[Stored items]
+ + + + +

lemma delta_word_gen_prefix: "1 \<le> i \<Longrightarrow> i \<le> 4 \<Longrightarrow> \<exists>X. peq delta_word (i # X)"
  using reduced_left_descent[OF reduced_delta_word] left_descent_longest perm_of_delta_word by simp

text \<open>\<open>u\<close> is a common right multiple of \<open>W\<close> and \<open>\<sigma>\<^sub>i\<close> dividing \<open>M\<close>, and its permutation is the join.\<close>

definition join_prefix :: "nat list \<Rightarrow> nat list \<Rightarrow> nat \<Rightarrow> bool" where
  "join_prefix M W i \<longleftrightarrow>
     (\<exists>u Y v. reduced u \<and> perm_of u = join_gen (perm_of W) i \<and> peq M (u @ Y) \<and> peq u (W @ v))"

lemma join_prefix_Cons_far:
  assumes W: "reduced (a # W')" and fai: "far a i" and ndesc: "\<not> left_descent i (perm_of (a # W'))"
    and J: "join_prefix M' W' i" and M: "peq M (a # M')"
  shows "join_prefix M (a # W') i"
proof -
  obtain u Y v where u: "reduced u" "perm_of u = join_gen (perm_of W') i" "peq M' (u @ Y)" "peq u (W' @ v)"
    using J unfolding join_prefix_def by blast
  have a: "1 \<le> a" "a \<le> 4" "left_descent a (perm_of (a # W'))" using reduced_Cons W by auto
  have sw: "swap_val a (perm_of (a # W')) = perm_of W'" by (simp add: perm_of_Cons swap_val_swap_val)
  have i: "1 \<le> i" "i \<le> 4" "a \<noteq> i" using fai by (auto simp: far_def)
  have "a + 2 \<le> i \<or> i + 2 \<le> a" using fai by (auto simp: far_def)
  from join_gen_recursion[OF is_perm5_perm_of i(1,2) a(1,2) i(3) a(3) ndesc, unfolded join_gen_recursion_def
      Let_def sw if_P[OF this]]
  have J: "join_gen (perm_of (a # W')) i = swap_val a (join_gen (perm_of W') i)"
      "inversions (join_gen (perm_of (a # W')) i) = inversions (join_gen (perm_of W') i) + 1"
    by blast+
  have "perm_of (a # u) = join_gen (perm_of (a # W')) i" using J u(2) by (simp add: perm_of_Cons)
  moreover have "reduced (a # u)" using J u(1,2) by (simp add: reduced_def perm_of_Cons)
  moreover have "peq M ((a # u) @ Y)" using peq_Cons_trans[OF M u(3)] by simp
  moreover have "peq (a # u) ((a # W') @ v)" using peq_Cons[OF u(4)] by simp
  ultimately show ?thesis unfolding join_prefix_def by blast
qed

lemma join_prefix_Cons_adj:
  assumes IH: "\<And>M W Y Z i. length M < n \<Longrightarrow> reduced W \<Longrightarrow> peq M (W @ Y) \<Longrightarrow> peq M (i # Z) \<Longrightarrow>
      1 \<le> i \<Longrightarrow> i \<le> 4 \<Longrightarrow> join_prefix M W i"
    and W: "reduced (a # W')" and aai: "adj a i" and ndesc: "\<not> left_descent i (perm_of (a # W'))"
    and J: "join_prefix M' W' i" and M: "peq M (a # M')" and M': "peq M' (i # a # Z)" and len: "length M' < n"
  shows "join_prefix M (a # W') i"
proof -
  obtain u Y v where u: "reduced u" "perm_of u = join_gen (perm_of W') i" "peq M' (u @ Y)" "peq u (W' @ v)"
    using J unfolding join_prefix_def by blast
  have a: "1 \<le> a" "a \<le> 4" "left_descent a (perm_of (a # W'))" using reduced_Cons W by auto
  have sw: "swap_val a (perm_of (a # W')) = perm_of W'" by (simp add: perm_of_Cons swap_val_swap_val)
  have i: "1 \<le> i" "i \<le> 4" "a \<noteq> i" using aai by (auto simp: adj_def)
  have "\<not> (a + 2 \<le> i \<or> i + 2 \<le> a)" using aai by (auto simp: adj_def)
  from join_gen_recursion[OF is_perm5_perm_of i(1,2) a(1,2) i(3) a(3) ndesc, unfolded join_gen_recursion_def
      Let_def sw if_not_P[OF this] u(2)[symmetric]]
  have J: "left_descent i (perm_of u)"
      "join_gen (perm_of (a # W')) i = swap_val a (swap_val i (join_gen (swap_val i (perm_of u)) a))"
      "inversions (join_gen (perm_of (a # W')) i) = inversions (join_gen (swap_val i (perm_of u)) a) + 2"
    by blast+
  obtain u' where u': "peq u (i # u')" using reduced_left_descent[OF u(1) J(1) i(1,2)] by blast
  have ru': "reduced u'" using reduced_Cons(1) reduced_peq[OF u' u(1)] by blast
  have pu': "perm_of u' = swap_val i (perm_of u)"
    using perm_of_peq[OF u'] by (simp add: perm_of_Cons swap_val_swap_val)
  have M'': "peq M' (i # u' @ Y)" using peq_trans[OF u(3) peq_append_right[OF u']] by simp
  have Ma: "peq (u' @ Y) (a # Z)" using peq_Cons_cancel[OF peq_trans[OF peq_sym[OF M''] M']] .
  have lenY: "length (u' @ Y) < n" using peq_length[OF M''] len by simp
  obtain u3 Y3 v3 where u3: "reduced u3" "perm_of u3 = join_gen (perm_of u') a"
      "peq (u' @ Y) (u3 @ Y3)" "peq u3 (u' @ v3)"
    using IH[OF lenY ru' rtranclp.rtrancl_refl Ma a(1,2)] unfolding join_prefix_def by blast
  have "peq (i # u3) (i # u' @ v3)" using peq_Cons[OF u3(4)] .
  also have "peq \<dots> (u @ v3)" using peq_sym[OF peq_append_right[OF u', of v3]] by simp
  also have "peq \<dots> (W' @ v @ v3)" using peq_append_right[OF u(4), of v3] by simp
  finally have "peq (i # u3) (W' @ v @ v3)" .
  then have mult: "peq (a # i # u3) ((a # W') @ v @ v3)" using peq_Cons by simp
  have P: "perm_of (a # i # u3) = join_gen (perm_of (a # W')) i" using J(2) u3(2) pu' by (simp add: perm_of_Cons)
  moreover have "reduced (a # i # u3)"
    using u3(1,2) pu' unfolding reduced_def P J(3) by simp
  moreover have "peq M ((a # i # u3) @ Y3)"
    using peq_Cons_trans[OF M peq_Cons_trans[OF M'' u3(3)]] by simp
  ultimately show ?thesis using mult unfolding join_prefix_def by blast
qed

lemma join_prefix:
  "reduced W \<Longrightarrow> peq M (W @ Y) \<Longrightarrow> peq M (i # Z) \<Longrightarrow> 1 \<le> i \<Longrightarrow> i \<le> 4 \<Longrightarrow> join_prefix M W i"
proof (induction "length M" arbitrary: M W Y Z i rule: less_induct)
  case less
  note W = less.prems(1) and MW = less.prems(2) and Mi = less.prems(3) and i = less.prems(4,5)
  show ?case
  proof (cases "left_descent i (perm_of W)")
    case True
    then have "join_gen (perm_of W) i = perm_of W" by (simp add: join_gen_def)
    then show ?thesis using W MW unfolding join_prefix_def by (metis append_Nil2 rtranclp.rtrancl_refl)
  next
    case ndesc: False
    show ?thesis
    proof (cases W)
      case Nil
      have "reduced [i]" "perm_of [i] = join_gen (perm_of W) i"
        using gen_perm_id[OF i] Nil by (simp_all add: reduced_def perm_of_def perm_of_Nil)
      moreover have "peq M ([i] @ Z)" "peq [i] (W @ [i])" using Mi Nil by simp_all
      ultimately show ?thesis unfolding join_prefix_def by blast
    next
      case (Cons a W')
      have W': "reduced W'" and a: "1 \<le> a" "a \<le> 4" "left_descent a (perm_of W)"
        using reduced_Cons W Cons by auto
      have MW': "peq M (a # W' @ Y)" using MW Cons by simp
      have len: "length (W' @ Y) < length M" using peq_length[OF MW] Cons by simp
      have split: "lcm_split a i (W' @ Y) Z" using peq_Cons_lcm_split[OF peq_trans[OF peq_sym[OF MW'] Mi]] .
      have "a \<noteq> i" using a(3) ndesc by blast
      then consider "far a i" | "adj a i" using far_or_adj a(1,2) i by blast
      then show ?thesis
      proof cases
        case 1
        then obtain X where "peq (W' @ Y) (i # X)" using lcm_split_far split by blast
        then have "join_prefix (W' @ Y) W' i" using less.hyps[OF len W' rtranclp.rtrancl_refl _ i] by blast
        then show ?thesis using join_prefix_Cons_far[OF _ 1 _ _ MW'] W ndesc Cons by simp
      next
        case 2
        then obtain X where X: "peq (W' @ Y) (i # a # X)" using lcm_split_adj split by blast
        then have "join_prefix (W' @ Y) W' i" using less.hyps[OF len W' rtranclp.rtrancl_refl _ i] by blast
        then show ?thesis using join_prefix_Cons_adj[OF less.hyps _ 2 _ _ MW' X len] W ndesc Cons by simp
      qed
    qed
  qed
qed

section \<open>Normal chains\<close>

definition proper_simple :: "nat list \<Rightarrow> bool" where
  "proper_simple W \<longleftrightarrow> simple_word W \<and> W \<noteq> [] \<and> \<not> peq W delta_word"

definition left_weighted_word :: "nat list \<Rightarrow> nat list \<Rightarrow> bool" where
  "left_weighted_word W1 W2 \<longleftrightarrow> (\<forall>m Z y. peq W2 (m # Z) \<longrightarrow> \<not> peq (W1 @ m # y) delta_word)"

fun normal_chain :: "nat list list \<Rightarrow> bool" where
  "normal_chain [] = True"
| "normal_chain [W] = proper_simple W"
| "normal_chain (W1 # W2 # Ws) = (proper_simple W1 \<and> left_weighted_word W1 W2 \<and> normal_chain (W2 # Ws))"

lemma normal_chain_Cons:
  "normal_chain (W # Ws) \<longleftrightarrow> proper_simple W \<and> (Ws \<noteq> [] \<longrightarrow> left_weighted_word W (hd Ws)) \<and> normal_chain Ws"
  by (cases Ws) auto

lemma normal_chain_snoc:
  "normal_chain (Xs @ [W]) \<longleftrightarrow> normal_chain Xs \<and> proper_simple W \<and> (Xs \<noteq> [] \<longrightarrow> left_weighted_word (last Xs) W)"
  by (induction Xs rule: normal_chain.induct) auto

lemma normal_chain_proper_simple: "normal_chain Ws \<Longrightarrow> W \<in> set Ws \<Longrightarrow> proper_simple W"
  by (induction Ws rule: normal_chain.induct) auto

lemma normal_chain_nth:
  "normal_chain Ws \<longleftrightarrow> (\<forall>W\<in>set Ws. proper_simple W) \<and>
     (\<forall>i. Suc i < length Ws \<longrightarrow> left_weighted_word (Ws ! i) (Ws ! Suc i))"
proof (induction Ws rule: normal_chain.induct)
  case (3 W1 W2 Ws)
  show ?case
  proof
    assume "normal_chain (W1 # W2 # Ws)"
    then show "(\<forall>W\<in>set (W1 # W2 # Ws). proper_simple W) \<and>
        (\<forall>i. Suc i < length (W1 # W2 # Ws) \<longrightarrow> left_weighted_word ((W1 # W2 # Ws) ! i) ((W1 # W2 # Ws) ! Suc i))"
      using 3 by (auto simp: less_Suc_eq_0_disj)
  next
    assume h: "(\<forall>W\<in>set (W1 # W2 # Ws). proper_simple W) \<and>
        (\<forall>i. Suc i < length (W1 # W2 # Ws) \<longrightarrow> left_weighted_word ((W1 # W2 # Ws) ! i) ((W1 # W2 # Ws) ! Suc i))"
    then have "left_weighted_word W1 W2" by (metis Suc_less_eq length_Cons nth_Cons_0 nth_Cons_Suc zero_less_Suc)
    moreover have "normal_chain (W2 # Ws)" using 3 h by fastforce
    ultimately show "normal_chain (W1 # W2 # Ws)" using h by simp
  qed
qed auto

+ + + + +

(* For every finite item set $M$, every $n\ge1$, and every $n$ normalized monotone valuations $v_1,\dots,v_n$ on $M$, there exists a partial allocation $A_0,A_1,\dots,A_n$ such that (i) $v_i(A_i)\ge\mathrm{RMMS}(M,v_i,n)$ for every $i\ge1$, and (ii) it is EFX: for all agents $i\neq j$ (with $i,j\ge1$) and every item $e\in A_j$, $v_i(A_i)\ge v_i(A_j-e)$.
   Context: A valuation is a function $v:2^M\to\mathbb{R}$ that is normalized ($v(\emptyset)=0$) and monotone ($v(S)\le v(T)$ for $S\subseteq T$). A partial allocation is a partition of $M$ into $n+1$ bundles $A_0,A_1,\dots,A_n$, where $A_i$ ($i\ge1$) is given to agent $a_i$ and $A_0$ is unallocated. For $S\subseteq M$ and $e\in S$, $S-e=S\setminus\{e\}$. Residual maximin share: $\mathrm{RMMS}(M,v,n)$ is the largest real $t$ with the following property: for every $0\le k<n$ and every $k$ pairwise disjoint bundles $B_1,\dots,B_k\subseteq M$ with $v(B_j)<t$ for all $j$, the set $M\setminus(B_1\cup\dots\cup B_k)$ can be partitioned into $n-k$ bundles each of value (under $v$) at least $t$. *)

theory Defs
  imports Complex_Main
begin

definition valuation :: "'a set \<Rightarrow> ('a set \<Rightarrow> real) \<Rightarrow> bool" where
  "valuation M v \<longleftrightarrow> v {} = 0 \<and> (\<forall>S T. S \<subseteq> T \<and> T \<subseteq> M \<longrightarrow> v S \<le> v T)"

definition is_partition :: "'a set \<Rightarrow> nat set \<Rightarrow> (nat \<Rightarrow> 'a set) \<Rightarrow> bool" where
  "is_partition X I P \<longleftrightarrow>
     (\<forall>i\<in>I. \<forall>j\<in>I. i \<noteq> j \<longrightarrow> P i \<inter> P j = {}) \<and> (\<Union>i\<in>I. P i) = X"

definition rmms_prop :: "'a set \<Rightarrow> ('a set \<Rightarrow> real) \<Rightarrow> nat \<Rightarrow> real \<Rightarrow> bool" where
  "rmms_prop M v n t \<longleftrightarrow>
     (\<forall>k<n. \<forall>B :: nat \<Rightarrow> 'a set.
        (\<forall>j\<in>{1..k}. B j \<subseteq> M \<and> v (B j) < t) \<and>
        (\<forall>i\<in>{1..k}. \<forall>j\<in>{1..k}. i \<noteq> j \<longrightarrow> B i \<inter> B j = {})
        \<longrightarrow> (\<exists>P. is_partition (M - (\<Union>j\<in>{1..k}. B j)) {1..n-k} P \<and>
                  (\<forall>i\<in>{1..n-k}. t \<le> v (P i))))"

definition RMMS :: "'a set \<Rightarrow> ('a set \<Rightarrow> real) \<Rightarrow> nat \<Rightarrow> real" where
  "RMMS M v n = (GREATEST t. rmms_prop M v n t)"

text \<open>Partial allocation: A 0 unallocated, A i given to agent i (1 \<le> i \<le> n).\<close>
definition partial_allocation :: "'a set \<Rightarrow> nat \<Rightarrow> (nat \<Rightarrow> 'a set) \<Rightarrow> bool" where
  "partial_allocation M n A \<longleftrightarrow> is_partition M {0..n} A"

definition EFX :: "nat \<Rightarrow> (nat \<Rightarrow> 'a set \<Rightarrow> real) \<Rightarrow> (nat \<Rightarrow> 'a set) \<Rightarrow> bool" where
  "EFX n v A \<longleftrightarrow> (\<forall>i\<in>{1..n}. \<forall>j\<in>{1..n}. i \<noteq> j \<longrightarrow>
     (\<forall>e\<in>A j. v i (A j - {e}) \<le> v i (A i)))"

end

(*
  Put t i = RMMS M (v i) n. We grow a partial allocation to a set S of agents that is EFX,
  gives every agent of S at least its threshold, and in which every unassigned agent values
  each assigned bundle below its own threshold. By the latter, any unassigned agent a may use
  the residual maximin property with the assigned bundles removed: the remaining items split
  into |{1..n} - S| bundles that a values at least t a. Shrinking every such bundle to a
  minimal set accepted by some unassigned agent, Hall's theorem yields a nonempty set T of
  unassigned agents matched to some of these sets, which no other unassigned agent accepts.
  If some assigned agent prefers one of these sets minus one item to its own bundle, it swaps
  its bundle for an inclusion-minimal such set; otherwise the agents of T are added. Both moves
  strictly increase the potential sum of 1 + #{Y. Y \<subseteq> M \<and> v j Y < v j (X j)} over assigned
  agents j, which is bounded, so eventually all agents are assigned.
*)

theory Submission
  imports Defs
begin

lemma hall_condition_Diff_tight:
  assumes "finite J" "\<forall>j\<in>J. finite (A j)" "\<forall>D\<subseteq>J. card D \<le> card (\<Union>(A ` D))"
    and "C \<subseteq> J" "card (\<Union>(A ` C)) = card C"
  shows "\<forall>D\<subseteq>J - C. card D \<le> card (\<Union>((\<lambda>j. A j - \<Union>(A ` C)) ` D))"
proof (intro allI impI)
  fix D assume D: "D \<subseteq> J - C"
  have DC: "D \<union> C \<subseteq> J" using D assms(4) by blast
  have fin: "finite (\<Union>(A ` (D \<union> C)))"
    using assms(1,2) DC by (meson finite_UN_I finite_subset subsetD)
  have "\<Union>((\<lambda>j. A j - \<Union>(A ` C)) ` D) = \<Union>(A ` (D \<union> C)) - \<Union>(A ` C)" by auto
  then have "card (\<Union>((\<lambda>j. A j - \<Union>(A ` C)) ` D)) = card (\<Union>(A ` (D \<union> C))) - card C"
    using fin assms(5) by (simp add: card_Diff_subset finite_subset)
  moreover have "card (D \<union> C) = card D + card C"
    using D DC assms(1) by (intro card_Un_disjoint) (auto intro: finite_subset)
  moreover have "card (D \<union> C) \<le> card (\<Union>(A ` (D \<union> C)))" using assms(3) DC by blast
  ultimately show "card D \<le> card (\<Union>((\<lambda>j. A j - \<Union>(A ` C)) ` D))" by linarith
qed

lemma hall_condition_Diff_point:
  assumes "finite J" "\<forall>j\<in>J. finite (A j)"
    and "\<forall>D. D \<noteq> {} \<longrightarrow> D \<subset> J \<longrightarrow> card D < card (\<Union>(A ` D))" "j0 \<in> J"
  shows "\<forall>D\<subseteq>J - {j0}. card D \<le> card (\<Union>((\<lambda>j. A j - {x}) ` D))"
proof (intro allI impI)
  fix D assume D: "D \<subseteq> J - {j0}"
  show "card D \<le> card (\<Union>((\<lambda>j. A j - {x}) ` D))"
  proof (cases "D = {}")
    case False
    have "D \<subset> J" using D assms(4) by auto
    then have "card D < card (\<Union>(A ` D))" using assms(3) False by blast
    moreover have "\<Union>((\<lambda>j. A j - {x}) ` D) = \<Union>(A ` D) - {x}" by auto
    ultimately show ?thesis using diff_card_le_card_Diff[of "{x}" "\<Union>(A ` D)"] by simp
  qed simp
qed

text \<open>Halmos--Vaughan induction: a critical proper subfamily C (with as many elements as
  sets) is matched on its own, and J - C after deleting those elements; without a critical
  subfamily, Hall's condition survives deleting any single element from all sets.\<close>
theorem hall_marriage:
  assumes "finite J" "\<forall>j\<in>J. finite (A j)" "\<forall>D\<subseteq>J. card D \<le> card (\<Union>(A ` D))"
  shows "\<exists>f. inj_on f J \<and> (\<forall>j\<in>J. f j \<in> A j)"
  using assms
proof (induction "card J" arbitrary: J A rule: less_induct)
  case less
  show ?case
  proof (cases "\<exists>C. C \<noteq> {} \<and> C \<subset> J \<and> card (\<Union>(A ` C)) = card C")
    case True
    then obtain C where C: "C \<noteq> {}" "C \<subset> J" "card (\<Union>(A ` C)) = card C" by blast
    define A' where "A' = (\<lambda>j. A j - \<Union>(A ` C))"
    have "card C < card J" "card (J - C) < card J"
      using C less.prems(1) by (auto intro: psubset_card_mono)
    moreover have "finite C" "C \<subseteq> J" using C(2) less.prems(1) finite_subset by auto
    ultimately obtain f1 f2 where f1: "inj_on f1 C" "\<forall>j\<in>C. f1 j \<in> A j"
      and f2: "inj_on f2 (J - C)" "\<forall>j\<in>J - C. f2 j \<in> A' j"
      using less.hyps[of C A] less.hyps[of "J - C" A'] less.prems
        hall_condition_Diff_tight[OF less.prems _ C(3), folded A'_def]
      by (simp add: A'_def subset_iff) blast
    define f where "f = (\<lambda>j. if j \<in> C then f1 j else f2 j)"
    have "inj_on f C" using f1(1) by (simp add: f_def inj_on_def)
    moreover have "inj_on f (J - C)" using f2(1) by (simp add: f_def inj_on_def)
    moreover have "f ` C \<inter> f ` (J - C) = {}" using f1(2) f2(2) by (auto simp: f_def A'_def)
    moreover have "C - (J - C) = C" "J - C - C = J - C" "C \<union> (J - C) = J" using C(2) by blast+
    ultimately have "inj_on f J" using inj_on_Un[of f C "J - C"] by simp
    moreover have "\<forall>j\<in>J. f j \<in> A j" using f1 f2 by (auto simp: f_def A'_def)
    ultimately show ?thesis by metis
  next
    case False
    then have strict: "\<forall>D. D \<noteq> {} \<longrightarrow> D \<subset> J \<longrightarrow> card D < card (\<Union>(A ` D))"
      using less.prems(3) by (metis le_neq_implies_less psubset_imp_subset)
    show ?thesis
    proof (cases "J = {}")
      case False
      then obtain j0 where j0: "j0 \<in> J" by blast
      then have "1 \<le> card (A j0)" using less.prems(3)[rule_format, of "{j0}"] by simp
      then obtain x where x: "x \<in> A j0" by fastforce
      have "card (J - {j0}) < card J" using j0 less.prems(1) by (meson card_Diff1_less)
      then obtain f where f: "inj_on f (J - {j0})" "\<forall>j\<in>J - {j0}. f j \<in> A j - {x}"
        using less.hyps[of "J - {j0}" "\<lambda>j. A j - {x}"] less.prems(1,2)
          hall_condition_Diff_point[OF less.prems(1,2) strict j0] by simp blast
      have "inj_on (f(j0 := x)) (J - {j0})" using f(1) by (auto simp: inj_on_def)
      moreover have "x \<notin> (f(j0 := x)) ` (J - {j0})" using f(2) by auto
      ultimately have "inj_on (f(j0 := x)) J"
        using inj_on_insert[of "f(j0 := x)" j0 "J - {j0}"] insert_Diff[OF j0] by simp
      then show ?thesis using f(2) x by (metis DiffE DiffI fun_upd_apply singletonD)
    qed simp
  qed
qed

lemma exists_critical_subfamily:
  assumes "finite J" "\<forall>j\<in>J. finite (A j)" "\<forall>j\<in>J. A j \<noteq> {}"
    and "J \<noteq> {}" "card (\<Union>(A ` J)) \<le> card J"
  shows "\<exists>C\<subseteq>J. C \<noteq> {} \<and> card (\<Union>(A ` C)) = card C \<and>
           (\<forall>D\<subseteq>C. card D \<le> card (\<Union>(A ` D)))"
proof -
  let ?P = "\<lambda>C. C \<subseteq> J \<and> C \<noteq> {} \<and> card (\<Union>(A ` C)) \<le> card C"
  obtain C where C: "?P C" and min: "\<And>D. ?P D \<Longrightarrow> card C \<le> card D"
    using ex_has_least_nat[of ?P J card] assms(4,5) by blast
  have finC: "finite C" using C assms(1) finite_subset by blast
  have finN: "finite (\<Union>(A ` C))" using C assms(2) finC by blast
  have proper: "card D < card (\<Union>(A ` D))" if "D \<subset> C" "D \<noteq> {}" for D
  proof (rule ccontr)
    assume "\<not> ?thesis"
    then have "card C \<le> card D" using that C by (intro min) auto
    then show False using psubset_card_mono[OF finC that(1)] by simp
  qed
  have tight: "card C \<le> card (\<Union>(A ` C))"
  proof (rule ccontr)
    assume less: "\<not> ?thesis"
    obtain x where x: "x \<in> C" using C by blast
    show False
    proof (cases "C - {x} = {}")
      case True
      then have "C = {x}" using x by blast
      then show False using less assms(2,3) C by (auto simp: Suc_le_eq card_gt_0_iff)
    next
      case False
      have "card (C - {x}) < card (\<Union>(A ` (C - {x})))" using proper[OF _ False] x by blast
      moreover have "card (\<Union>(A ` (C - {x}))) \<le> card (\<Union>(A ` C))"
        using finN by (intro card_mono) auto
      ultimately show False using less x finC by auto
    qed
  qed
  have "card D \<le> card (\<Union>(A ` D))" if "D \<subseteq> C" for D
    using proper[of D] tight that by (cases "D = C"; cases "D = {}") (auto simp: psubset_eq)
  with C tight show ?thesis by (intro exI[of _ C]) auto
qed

+ + + + +

• [Your objective]: Once the line with "theory Submission" is found in the records above, print exactly that line and every line after it through the line with "C) = card D".

• [Result]:
theory Submission
  imports Defs
begin

lemma hall_condition_Diff_tight:
  assumes "finite J" "\<forall>j\<in>J. finite (A j)" "\<forall>D\<subseteq>J. card D \<le> card (\<Union>(A ` D))"
    and "C \<subseteq> J" "card (\<Union>(A ` C)) = card C"
  shows "\<forall>D\<subseteq>J - C. card D \<le> card (\<Union>((\<lambda>j. A j - \<Union>(A ` C)) ` D))"
proof (intro allI impI)
  fix D assume D: "D \<subseteq> J - C"
  have DC: "D \<union> C \<subseteq> J" using D assms(4) by blast
  have fin: "finite (\<Union>(A ` (D \<union> C)))"
    using assms(1,2) DC by (meson finite_UN_I finite_subset subsetD)
  have "\<Union>((\<lambda>j. A j - \<Union>(A ` C)) ` D) = \<Union>(A ` (D \<union> C)) - \<Union>(A ` C)" by auto
  then have "card (\<Union>((\<lambda>j. A j - \<Union>(A ` C)) ` D)) = card (\<Union>(A ` (D \<union> C))) - card C"
    using fin assms(5) by (simp add: card_Diff_subset finite_subset)
  moreover have "card (D \<union> C) = card D + card C"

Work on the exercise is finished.